lemma pfree_fact_double_reflect_cong:
  fixes p N x :: nat
  assumes "prime p" and "odd p" and "\<not> p dvd x" and "x < N * p"
  shows "[int (x mod p) * int (pfree_fact p (2 * x) * pfree_fact p (2 * (N * p - x))) =
          (if 2 * (x mod p) < p then - 2 else 2) * int (pfree_fact p x * pfree_fact p (N * p - x)) ^ 2] (mod p)"
proof -
  define r c where "r = x mod p" and "c = (if 2 * r < p then - 2 else 2 :: int)"
  have "0 < r" and "r < p" and "0 < N"
    using assms prime_gt_0_nat by (auto simp: r_def dvd_eq_mod_eq_0 intro: gr0I)
  have "[int (pfree_fact p x * pfree_fact p (N * p - x)) ^ 2 = ((-1) ^ (N - 1 + r) * int r) ^ 2] (mod p)"
    using pfree_fact_reflect_cong[OF assms(1,3,4)] by (simp add: r_def cong_pow)
  then have W: "[int (pfree_fact p x * pfree_fact p (N * p - x)) ^ 2 = int r ^ 2] (mod p)"
    by (simp add: power_mult_distrib flip: power_mult)
  have "\<not> p dvd 2"
    using assms(2) primes_dvd_imp_eq[OF assms(1) two_is_prime_nat] by auto
  then have "\<not> p dvd 2 * x"
    using assms(1,3) by (simp add: prime_dvd_mult_iff)
  moreover have "2 * x < (2 * N) * p" and "2 * (N * p - x) = (2 * N) * p - 2 * x"
    using assms(4) by (simp_all add: algebra_simps diff_mult_distrib2)
  ultimately have "[int (pfree_fact p (2 * x) * pfree_fact p (2 * (N * p - x))) =
              (-1) ^ (2 * N - 1 + 2 * x mod p) * int (2 * x mod p)] (mod p)"
    using pfree_fact_reflect_cong[OF assms(1), of "2 * x" "2 * N"] by simp
  also have "2 * x mod p = 2 * r mod p"
    by (simp add: r_def mod_mult_right_eq)
  also have "[(-1) ^ (2 * N - 1 + 2 * r mod p) * int (2 * r mod p) = c * int r] (mod p)"
    unfolding c_def using \<open>odd p\<close> \<open>0 < r\<close> \<open>r < p\<close> \<open>0 < N\<close> by (rule double_residue_sign_cong)
  finally have "[int r * int (pfree_fact p (2 * x) * pfree_fact p (2 * (N * p - x))) = int r * (c * int r)] (mod p)"
    by (rule cong_scalar_left)
  also have "int r * (c * int r) = c * int r ^ 2"
    by (simp add: power2_eq_square)
  also have "[\<dots> = c * int (pfree_fact p x * pfree_fact p (N * p - x)) ^ 2] (mod p)"
    by (rule cong_scalar_left[OF cong_sym[OF W]])
  finally show ?thesis
    by (simp add: r_def c_def)
qed

lemma prime_square_dvd_of_cong:
  fixes p X Y V W c j :: int
  assumes "prime p" and "\<not> p dvd W" and "X * W = p * Y * V" and "[j * V = c * W] (mod p)"
  shows "p ^ 2 dvd j * X - c * p * Y"
proof -
  have "W * (j * X - c * p * Y) = p * Y * (j * V - c * W)"
    using assms(3) by (simp add: algebra_simps)
  moreover have "p dvd j * V - c * W"
    using assms(4) by (simp add: cong_iff_dvd_diff)
  ultimately have "p ^ 2 dvd W * (j * X - c * p * Y)"
    by (simp add: power2_eq_square mult.assoc mult_dvd_mono)
  moreover have "coprime (p ^ 2) W"
    using assms(1,2) by (simp add: prime_imp_coprime)
  ultimately show ?thesis
    using coprime_dvd_mult_right_iff by blast
qed
(* Let $\lambda_1,\lambda_2\in P^+$ with $\lambda_1+\lambda_2=\lambda$, and let $K\ge2$. Then there is a surjective homomorphism of $\mathfrak{sl}_n\otimes\mathbb C[t]$-modules $W_{\mathbb C[t]/(t^K)}(0,\lambda)\twoheadrightarrow F_{\lambda_1,\lambda_2}$.
   Context: $\mathfrak{sl}_n=\mathfrak n^+\oplus\mathfrak h\oplus\mathfrak n^-$, $R^+$ positive roots, $P^+$ dominant integral weights; for $\alpha\in R^+$ fix an $\mathfrak{sl}_2$-triple $e_\alpha,f_\alpha,h_\alpha$ with $f_\alpha\in\mathfrak g_{-\alpha}$. For a commutative algebra $A$, $\mathfrak{sl}_n\otimes A$ has bracket $[x\otimes p,y\otimes q]=[x,y]\otimes pq$; modules for $\mathfrak{sl}_n\otimes\mathbb C[t]/(t^K)$ are regarded as $\mathfrak{sl}_n\otimes\mathbb C[t]$-modules via the quotient map. For $A=\mathbb C[t]/(t^K)$ and $\lambda\in P^+$, the graded local Weyl module $W_A(0,\lambda)$ is the $\mathfrak{sl}_n\otimes A$-module generated by $w$ subject to $(\mathfrak n^+\otimes A).w=0$, $(\mathfrak h\otimes tA).w=0$, $(h\otimes1).w=\lambda(h)w$ for $h\in\mathfrak h$, and $(f_\alpha\otimes1)^{\lambda(h_\alpha)+1}.w=0$ for $\alpha\in R^+$ (i.e. the maximal $\mathfrak{sl}_n$-integrable quotient of the module induced from the one-dimensional $(\mathfrak n^+\oplus\mathfrak h)\otimes A$-module on which $\mathfrak n^+\otimes A$ acts by $0$ and $h\otimes p$ acts by $p(0)\lambda(h)$). For $\nu=\lambda_1+\lambda_2$, $F_{\lambda_1,\lambda_2}$ is the $\mathfrak{sl}_n\otimes\mathbb C[t]$-module generated by $\mathbb 1$ subject to $(\mathfrak n^+\otimes\mathbb C[t]).\mathbb 1=0$, $(\mathfrak h\otimes t\mathbb C[t]).\mathbb 1=0$, $(\mathfrak n^-\otimes t^2\mathbb C[t]).\mathbb 1=0$, $(h\otimes1).\mathbb 1=\nu(h)\mathbb 1$, and for $\alpha\in R^+$: $(f_\alpha\otimes1)^{\nu(h_\alpha)+1}.\mathbb 1=0$, $(f_\alpha\otimes t)^{\min\{\lambda_1(h_\alpha),\lambda_2(h_\alpha)\}+1}.\mathbb 1=0$. *)

theory Defs
  imports "HOL-Computational_Algebra.Polynomial"
begin

text \<open>sl_n tensor C[t] is realised as traceless n x n matrices with entries in C[t]
  (x tensor p corresponds to p times x); indices are 0..n-1, entries outside are 0.\<close>

type_synonym cmat = "nat \<Rightarrow> nat \<Rightarrow> complex poly"

definition in_sl :: "nat \<Rightarrow> cmat \<Rightarrow> bool" where
  "in_sl n A \<longleftrightarrow> (\<forall>i j. (n \<le> i \<or> n \<le> j) \<longrightarrow> A i j = 0) \<and> (\<Sum>i<n. A i i) = 0"

definition mat_add :: "cmat \<Rightarrow> cmat \<Rightarrow> cmat" where
  "mat_add A B = (\<lambda>i j. A i j + B i j)"

definition mat_scale :: "complex \<Rightarrow> cmat \<Rightarrow> cmat" where
  "mat_scale c A = (\<lambda>i j. smult c (A i j))"

definition mat_mul :: "nat \<Rightarrow> cmat \<Rightarrow> cmat \<Rightarrow> cmat" where
  "mat_mul n A B = (\<lambda>i j. \<Sum>k<n. A i k * B k j)"

definition lie_br :: "nat \<Rightarrow> cmat \<Rightarrow> cmat \<Rightarrow> cmat" where
  "lie_br n A B = (\<lambda>i j. mat_mul n A B i j - mat_mul n B A i j)"

definition E :: "nat \<Rightarrow> nat \<Rightarrow> complex poly \<Rightarrow> cmat" where
  "E i j p = (\<lambda>a b. if a = i \<and> b = j then p else 0)"

definition diagc :: "nat \<Rightarrow> (nat \<Rightarrow> complex) \<Rightarrow> cmat" where
  "diagc n d = (\<lambda>a b. if a = b \<and> a < n then [:d a:] else 0)"

definition is_module :: "nat \<Rightarrow> (complex \<Rightarrow> 'v::ab_group_add \<Rightarrow> 'v) \<Rightarrow> (cmat \<Rightarrow> 'v \<Rightarrow> 'v) \<Rightarrow> bool" where
  "is_module n smul act \<longleftrightarrow>
     (\<forall>a x y. smul a (x + y) = smul a x + smul a y) \<and>
     (\<forall>a b x. smul (a + b) x = smul a x + smul b x) \<and>
     (\<forall>a b x. smul a (smul b x) = smul (a * b) x) \<and>
     (\<forall>x. smul 1 x = x) \<and>
     (\<forall>A x y. in_sl n A \<longrightarrow> act A (x + y) = act A x + act A y) \<and>
     (\<forall>A c x. in_sl n A \<longrightarrow> act A (smul c x) = smul c (act A x)) \<and>
     (\<forall>A B x. in_sl n A \<and> in_sl n B \<longrightarrow> act (mat_add A B) x = act A x + act B x) \<and>
     (\<forall>A c x. in_sl n A \<longrightarrow> act (mat_scale c A) x = smul c (act A x)) \<and>
     (\<forall>A B x. in_sl n A \<and> in_sl n B \<longrightarrow>
        act (lie_br n A B) x = act A (act B x) - act B (act A x))"

definition is_hom :: "nat \<Rightarrow> (complex \<Rightarrow> 'v::ab_group_add \<Rightarrow> 'v) \<Rightarrow> (cmat \<Rightarrow> 'v \<Rightarrow> 'v)
    \<Rightarrow> (complex \<Rightarrow> 'u::ab_group_add \<Rightarrow> 'u) \<Rightarrow> (cmat \<Rightarrow> 'u \<Rightarrow> 'u) \<Rightarrow> ('v \<Rightarrow> 'u) \<Rightarrow> bool" where
  "is_hom n smul act smul' act' f \<longleftrightarrow>
     (\<forall>x y. f (x + y) = f x + f y) \<and>
     (\<forall>c x. f (smul c x) = smul' c (f x)) \<and>
     (\<forall>A x. in_sl n A \<longrightarrow> f (act A x) = act' A (f x))"

inductive_set cyclic_sub :: "nat \<Rightarrow> (complex \<Rightarrow> 'v::ab_group_add \<Rightarrow> 'v) \<Rightarrow> (cmat \<Rightarrow> 'v \<Rightarrow> 'v) \<Rightarrow> 'v \<Rightarrow> 'v set"
  for n smul act w where
  gen: "w \<in> cyclic_sub n smul act w"
| add: "x \<in> cyclic_sub n smul act w \<Longrightarrow> y \<in> cyclic_sub n smul act w \<Longrightarrow> x + y \<in> cyclic_sub n smul act w"
| scale: "x \<in> cyclic_sub n smul act w \<Longrightarrow> smul c x \<in> cyclic_sub n smul act w"
| act: "in_sl n A \<Longrightarrow> x \<in> cyclic_sub n smul act w \<Longrightarrow> act A x \<in> cyclic_sub n smul act w"

text \<open>The ideal sl_n tensor t^K C[t] acts by zero (so the module is a module for
  sl_n tensor C[t]/(t^K), pulled back along the quotient map).\<close>
definition kills_ideal :: "nat \<Rightarrow> nat \<Rightarrow> (cmat \<Rightarrow> 'v::ab_group_add \<Rightarrow> 'v) \<Rightarrow> bool" where
  "kills_ideal n K act \<longleftrightarrow>
     (\<forall>A x. in_sl n A \<and> (\<forall>a b. [:0, 1:] ^ K dvd A a b) \<longrightarrow> act A x = 0)"

text \<open>Dominant integral weights are given by their coordinates lam k = lambda(h_{alpha_k})
  (k < n-1) w.r.t. the fundamental weights omega_k, where omega_k(diag d) = d_0 + ... + d_k.\<close>
definition wt :: "nat \<Rightarrow> (nat \<Rightarrow> nat) \<Rightarrow> (nat \<Rightarrow> complex) \<Rightarrow> complex" where
  "wt n lam d = (\<Sum>k<n - 1. of_nat (lam k) * (\<Sum>m\<le>k. d m))"

text \<open>lambda(h_alpha) for the positive root alpha = eps_i - eps_j, i < j.\<close>
definition wt_root :: "(nat \<Rightarrow> nat) \<Rightarrow> nat \<Rightarrow> nat \<Rightarrow> nat" where
  "wt_root lam i j = (\<Sum>k\<in>{i..<j}. lam k)"

definition strictly_upper :: "cmat \<Rightarrow> bool" where
  "strictly_upper A \<longleftrightarrow> (\<forall>a b. b \<le> a \<longrightarrow> A a b = 0)"

definition strictly_lower :: "cmat \<Rightarrow> bool" where
  "strictly_lower A \<longleftrightarrow> (\<forall>a b. a \<le> b \<longrightarrow> A a b = 0)"

definition is_diag :: "cmat \<Rightarrow> bool" where
  "is_diag A \<longleftrightarrow> (\<forall>a b. a \<noteq> b \<longrightarrow> A a b = 0)"

text \<open>Defining relations of the local Weyl module (f_alpha = E_{ji} for alpha = eps_i - eps_j).\<close>
definition weyl_rel :: "nat \<Rightarrow> (nat \<Rightarrow> nat) \<Rightarrow> (complex \<Rightarrow> 'v::ab_group_add \<Rightarrow> 'v)
    \<Rightarrow> (cmat \<Rightarrow> 'v \<Rightarrow> 'v) \<Rightarrow> 'v \<Rightarrow> bool" where
  "weyl_rel n lam smul act w \<longleftrightarrow>
     (\<forall>A. in_sl n A \<and> strictly_upper A \<longrightarrow> act A w = 0) \<and>
     (\<forall>A. in_sl n A \<and> is_diag A \<and> (\<forall>a. coeff (A a a) 0 = 0) \<longrightarrow> act A w = 0) \<and>
     (\<forall>d. (\<Sum>m<n. d m) = 0 \<longrightarrow> act (diagc n d) w = smul (wt n lam d) w) \<and>
     (\<forall>i j. i < j \<and> j < n \<longrightarrow> (act (E j i 1) ^^ (wt_root lam i j + 1)) w = 0)"

definition F_rel :: "nat \<Rightarrow> (nat \<Rightarrow> nat) \<Rightarrow> (nat \<Rightarrow> nat) \<Rightarrow> (complex \<Rightarrow> 'v::ab_group_add \<Rightarrow> 'v)
    \<Rightarrow> (cmat \<Rightarrow> 'v \<Rightarrow> 'v) \<Rightarrow> 'v \<Rightarrow> bool" where
  "F_rel n l1 l2 smul act v \<longleftrightarrow>
     (\<forall>A. in_sl n A \<and> strictly_upper A \<longrightarrow> act A v = 0) \<and>
     (\<forall>A. in_sl n A \<and> is_diag A \<and> (\<forall>a. coeff (A a a) 0 = 0) \<longrightarrow> act A v = 0) \<and>
     (\<forall>A. in_sl n A \<and> strictly_lower A \<and> (\<forall>a b. [:0, 1:] ^ 2 dvd A a b) \<longrightarrow> act A v = 0) \<and>
     (\<forall>d. (\<Sum>m<n. d m) = 0 \<longrightarrow> act (diagc n d) v = smul (wt n (\<lambda>k. l1 k + l2 k) d) v) \<and>
     (\<forall>i j. i < j \<and> j < n \<longrightarrow>
        (act (E j i 1) ^^ (wt_root (\<lambda>k. l1 k + l2 k) i j + 1)) v = 0) \<and>
     (\<forall>i j. i < j \<and> j < n \<longrightarrow>
        (act (E j i [:0, 1:]) ^^ (min (wt_root l1 i j) (wt_root l2 i j) + 1)) v = 0)"

text \<open>W_{C[t]/(t^K)}(0,lam): generated by w, relations hold, the ideal sl_n tensor t^K acts
  trivially, and universal among such modules whose carrier is the type 'u.\<close>
definition is_weyl_module :: "nat \<Rightarrow> nat \<Rightarrow> (nat \<Rightarrow> nat) \<Rightarrow> (complex \<Rightarrow> 'v::ab_group_add \<Rightarrow> 'v)
    \<Rightarrow> (cmat \<Rightarrow> 'v \<Rightarrow> 'v) \<Rightarrow> 'v \<Rightarrow> 'u::ab_group_add itself \<Rightarrow> bool" where
  "is_weyl_module n K lam smul act w _ \<longleftrightarrow>
     is_module n smul act \<and> kills_ideal n K act \<and> cyclic_sub n smul act w = UNIV \<and>
     weyl_rel n lam smul act w \<and>
     (\<forall>(smul' :: complex \<Rightarrow> 'u \<Rightarrow> 'u) act' v'.
        is_module n smul' act' \<and> kills_ideal n K act' \<and> weyl_rel n lam smul' act' v' \<longrightarrow>
        (\<exists>f. is_hom n smul act smul' act' f \<and> f w = v'))"

definition is_F_module :: "nat \<Rightarrow> (nat \<Rightarrow> nat) \<Rightarrow> (nat \<Rightarrow> nat) \<Rightarrow> (complex \<Rightarrow> 'v::ab_group_add \<Rightarrow> 'v)
    \<Rightarrow> (cmat \<Rightarrow> 'v \<Rightarrow> 'v) \<Rightarrow> 'v \<Rightarrow> 'u::ab_group_add itself \<Rightarrow> bool" where
  "is_F_module n l1 l2 smul act v _ \<longleftrightarrow>
     is_module n smul act \<and> cyclic_sub n smul act v = UNIV \<and>
     F_rel n l1 l2 smul act v \<and>
     (\<forall>(smul' :: complex \<Rightarrow> 'u \<Rightarrow> 'u) act' v'.
        is_module n smul' act' \<and> F_rel n l1 l2 smul' act' v' \<longrightarrow>
        (\<exists>f. is_hom n smul act smul' act' f \<and> f v = v'))"

end

theory Submission
  imports Defs
begin

text \<open>The defining relations of \<open>F\<^bsub>\<lambda>\<^sub>1,\<lambda>\<^sub>2\<^esub>\<close> contain those of the local Weyl module,
  so the universal property of \<open>W\<close> yields a map \<open>w \<mapsto> \<one>\<close>, which is onto because \<open>\<one>\<close>
  generates \<open>F\<close>. The only point to check is that \<open>sl\<^sub>n \<otimes> t\<^sup>K\<complex>[t]\<close> acts by zero on \<open>F\<close>.
  Already \<open>sl\<^sub>n \<otimes> t\<^sup>2\<complex>[t]\<close> kills \<open>\<one>\<close>: its upper triangular and diagonal parts do so
  by the highest weight relations, its lower triangular part by definition of \<open>F\<close>.
  Since this is an ideal, its annihilator is a submodule, hence all of \<open>F\<close>.\<close>

lemma coeff_0_eq_0_if_X_dvd:
  fixes p :: "'a::comm_ring_1 poly"
  assumes "[:0, 1:] dvd p"
  shows "coeff p 0 = 0"
  using assms by (simp add: dvd_iff_poly_eq_0 poly_0_coeff_0)

lemma in_sl_lie_br:
  assumes "in_sl n A" "in_sl n B"
  shows "in_sl n (lie_br n A B)"
proof -
  have outside: "lie_br n A B i j = 0" if "n \<le> i \<or> n \<le> j" for i j
    using that assms unfolding in_sl_def lie_br_def mat_mul_def by auto
  have "(\<Sum>i<n. \<Sum>k<n. A i k * B k i) = (\<Sum>i<n. \<Sum>k<n. B i k * A k i)"
    by (subst sum.swap) (simp add: mult.commute)
  then have "(\<Sum>i<n. lie_br n A B i i) = 0"
    unfolding lie_br_def mat_mul_def by (simp add: sum_subtractf)
  with outside show ?thesis
    unfolding in_sl_def by blast
qed

lemma lie_br_entries_dvd:
  assumes "\<forall>a b. (d :: complex poly) dvd A a b"
  shows "\<forall>a b. d dvd lie_br n A B a b"
  unfolding lie_br_def mat_mul_def
  by (intro allI dvd_diff dvd_sum) (simp_all add: assms)

lemma F_rel_imp_weyl_rel:
  "F_rel n l1 l2 smul act v \<Longrightarrow> weyl_rel n (\<lambda>k. l1 k + l2 k) smul act v"
  unfolding F_rel_def weyl_rel_def by blast

lemma is_moduleD:
  assumes "is_module n smul act"
  shows "additive (smul c)"
    and "in_sl n A \<Longrightarrow> additive (act A)"
    and "in_sl n A \<Longrightarrow> act A (smul c x) = smul c (act A x)"
    and "in_sl n A \<Longrightarrow> in_sl n B \<Longrightarrow> act (mat_add A B) x = act A x + act B x"
    and "in_sl n A \<Longrightarrow> in_sl n B \<Longrightarrow>
           act (lie_br n A B) x = act A (act B x) - act B (act A x)"
  using assms unfolding is_module_def additive_def by simp_all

....................

Show the lines of the material that contain the word "intro".

▸ **PROBLEM SOLUTION**:
    using assms prime_gt_0_nat by (auto simp: r_def dvd_eq_mod_eq_0 intro: gr0I)
  by (intro allI dvd_diff dvd_sum) (simp_all add: assms)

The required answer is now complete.